- Born: Bombay (now Mumbai)
- Education: (BTech) IIT Bombay (PhD) Stanford University
- Known for: SimHash algorithm
- Awards: Paris Kanellakis Award
- Scientific career
- Fields: approximation algorithms streaming algorithms metric embeddings
- Institutions: Stanford University (2015-Present) Princeton University (2001-2015)
- Doctoral advisor: Rajeev Motwani

= Moses Charikar =

Indian-American computer scientist

Moses Samson Charikar is an Indian-American computer scientist who works as a professor at Stanford University. He was previously a professor at Princeton University. The topics of his research include approximation algorithms, streaming algorithms, and metric embeddings. He is known for the creation of the SimHash algorithm used by Google for near duplicate detection.

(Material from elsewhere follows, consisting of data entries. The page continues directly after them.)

lemma cover_closed_ssem:
  "(\<And>X. cover_closed T T' (\<rho> X) (\<rho>' X))
    \<Longrightarrow> cover_closed T T' (ssem T \<phi> \<rho>) (ssem T' \<phi> \<rho>')"
proof (induction \<phi> arbitrary: \<rho> \<rho>')
  case SFF
  then show ?case
    by (simp add: cover_closed_empty)
next
  case (SBox A \<phi>)
  have IH: "cover_closed T T' (ssem T \<phi> \<rho>) (ssem T' \<phi> \<rho>')"
    using SBox by blast
  show ?case unfolding cover_closed_def
  proof (intro allI impI, elim conjE)
    fix Q p' assume Q: "Q \<subseteq> ssem T (SBox A \<phi>) \<rho>" and cover: "covers T Q T' p'"
    have "q' \<in> ssem T' \<phi> \<rho>'" if "a \<in> A" "wstep T' p' a q'" for a q'
    proof -
      have "{q. \<exists>p\<in>Q. wstep T p a q} \<subseteq> ssem T \<phi> \<rho>"
        using Q \<open>a \<in> A\<close> by fastforce
      moreover have "covers T {q. \<exists>p\<in>Q. wstep T p a q} T' q'"
        using cover \<open>wstep T' p' a q'\<close> by (rule covers_wstep)
      ultimately show ?thesis
        using IH unfolding cover_closed_def by blast
    qed
    then show "p' \<in> ssem T' (SBox A \<phi>) \<rho>'"
      by simp
  qed
next
  case (SAnd \<phi>1 \<phi>2)
  then have "cover_closed T T' (ssem T \<phi>1 \<rho>) (ssem T' \<phi>1 \<rho>')"
    and "cover_closed T T' (ssem T \<phi>2 \<rho>) (ssem T' \<phi>2 \<rho>')"
    by blast+
  then show ?case
    unfolding cover_closed_def by auto
next
  case (SMax X \<phi>)
  then show ?case
    by (auto intro!: cover_closed_gfp mono_ssem_update)
qed (auto simp: cover_closed_def)

lemma cover_reflects_csem:
  "(\<And>X. cover_reflects T T' (\<rho> X) (\<rho>' X))
    \<Longrightarrow> cover_reflects T T' (csem T \<phi> \<rho>) (csem T' \<phi> \<rho>')"
proof (induction \<phi> arbitrary: \<rho> \<rho>')
  case CTT
  then show ?case
    by (auto simp: cover_reflects_def dest: covers_nonempty)
next
  case (CDia A \<phi>)
  have IH: "cover_reflects T T' (csem T \<phi> \<rho>) (csem T' \<phi> \<rho>')"
    using CDia by blast
  show ?case unfolding cover_reflects_def
  proof (intro allI impI, elim conjE)
    fix Q p' assume "p' \<in> csem T' (CDia A \<phi>) \<rho>'" and cover: "covers T Q T' p'"
    then obtain a q' where "a \<in> A" "wstep T' p' a q'" "q' \<in> csem T' \<phi> \<rho>'"
      by auto
    moreover have "covers T {q. \<exists>p\<in>Q. wstep T p a q} T' q'"
      using cover \<open>wstep T' p' a q'\<close> by (rule covers_wstep)
    ultimately have "{q. \<exists>p\<in>Q. wstep T p a q} \<inter> csem T \<phi> \<rho> \<noteq> {}"
      using IH unfolding cover_reflects_def by blast
    with \<open>a \<in> A\<close> show "Q \<inter> csem T (CDia A \<phi>) \<rho> \<noteq> {}"
      by auto
  qed
next
  case (COr \<phi>1 \<phi>2)
  then have "cover_reflects T T' (csem T \<phi>1 \<rho>) (csem T' \<phi>1 \<rho>')"
    and "cover_reflects T T' (csem T \<phi>2 \<rho>) (csem T' \<phi>2 \<rho>')"
    by blast+
  then show ?case
    unfolding cover_reflects_def by (simp add: Int_Un_distrib) blast
next
  case (CMin X \<phi>)
  then show ?case
    by (auto intro!: cover_reflects_lfp mono_csem_update)
qed (auto simp: cover_reflects_def)

theorem mainTheorem16:
  fixes T :: "('p, 'a::finite) lts" and T' :: "('q, 'a) lts"
    and p :: 'p and p' :: 'q
  assumes "subsumes T p T' p'"
  shows "(\<forall>\<phi> :: ('a, 'v) shml. sguarded \<phi> \<and> sfv \<phi> = {} \<and> p \<in> ssem T \<phi> (\<lambda>_. {})
            \<longrightarrow> p' \<in> ssem T' \<phi> (\<lambda>_. {}))
       \<and> (\<forall>\<phi> :: ('a, 'v) chml. cguarded \<phi> \<and> cfv \<phi> = {} \<and> p \<notin> csem T \<phi> (\<lambda>_. {})
            \<longrightarrow> p' \<notin> csem T' \<phi> (\<lambda>_. {}))"
proof -
  have cover: "covers T {p} T' p'"
    using assms by (rule subsumes_covers_singleton)
  have "cover_closed T T' (ssem T \<phi> (\<lambda>_. {})) (ssem T' \<phi> (\<lambda>_. {}))" for \<phi> :: "('a, 'v) shml"
    by (rule cover_closed_ssem) (simp add: cover_closed_empty)
  moreover have "cover_reflects T T' (csem T \<psi> (\<lambda>_. {})) (csem T' \<psi> (\<lambda>_. {}))"
    for \<psi> :: "('a, 'v) chml"
    by (rule cover_reflects_csem) (simp add: cover_reflects_empty)
  ultimately show ?thesis
    using cover unfolding cover_closed_def cover_reflects_def by blast
qed

end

Charikar was born in Bombay, India, and competed for India at the 1990 and 1991 International Mathematical Olympiads, winning bronze and silver medals respectively. He did his undergraduate studies at the Indian Institute of Technology Bombay. In 2000 he completed a doctorate from Stanford University, under the supervision of Rajeev Motwani; he joined the Princeton faculty in 2001.

In 2012 he was awarded the Paris Kanellakis Award along with Andrei Broder and Piotr Indyk for their research on locality-sensitive hashing.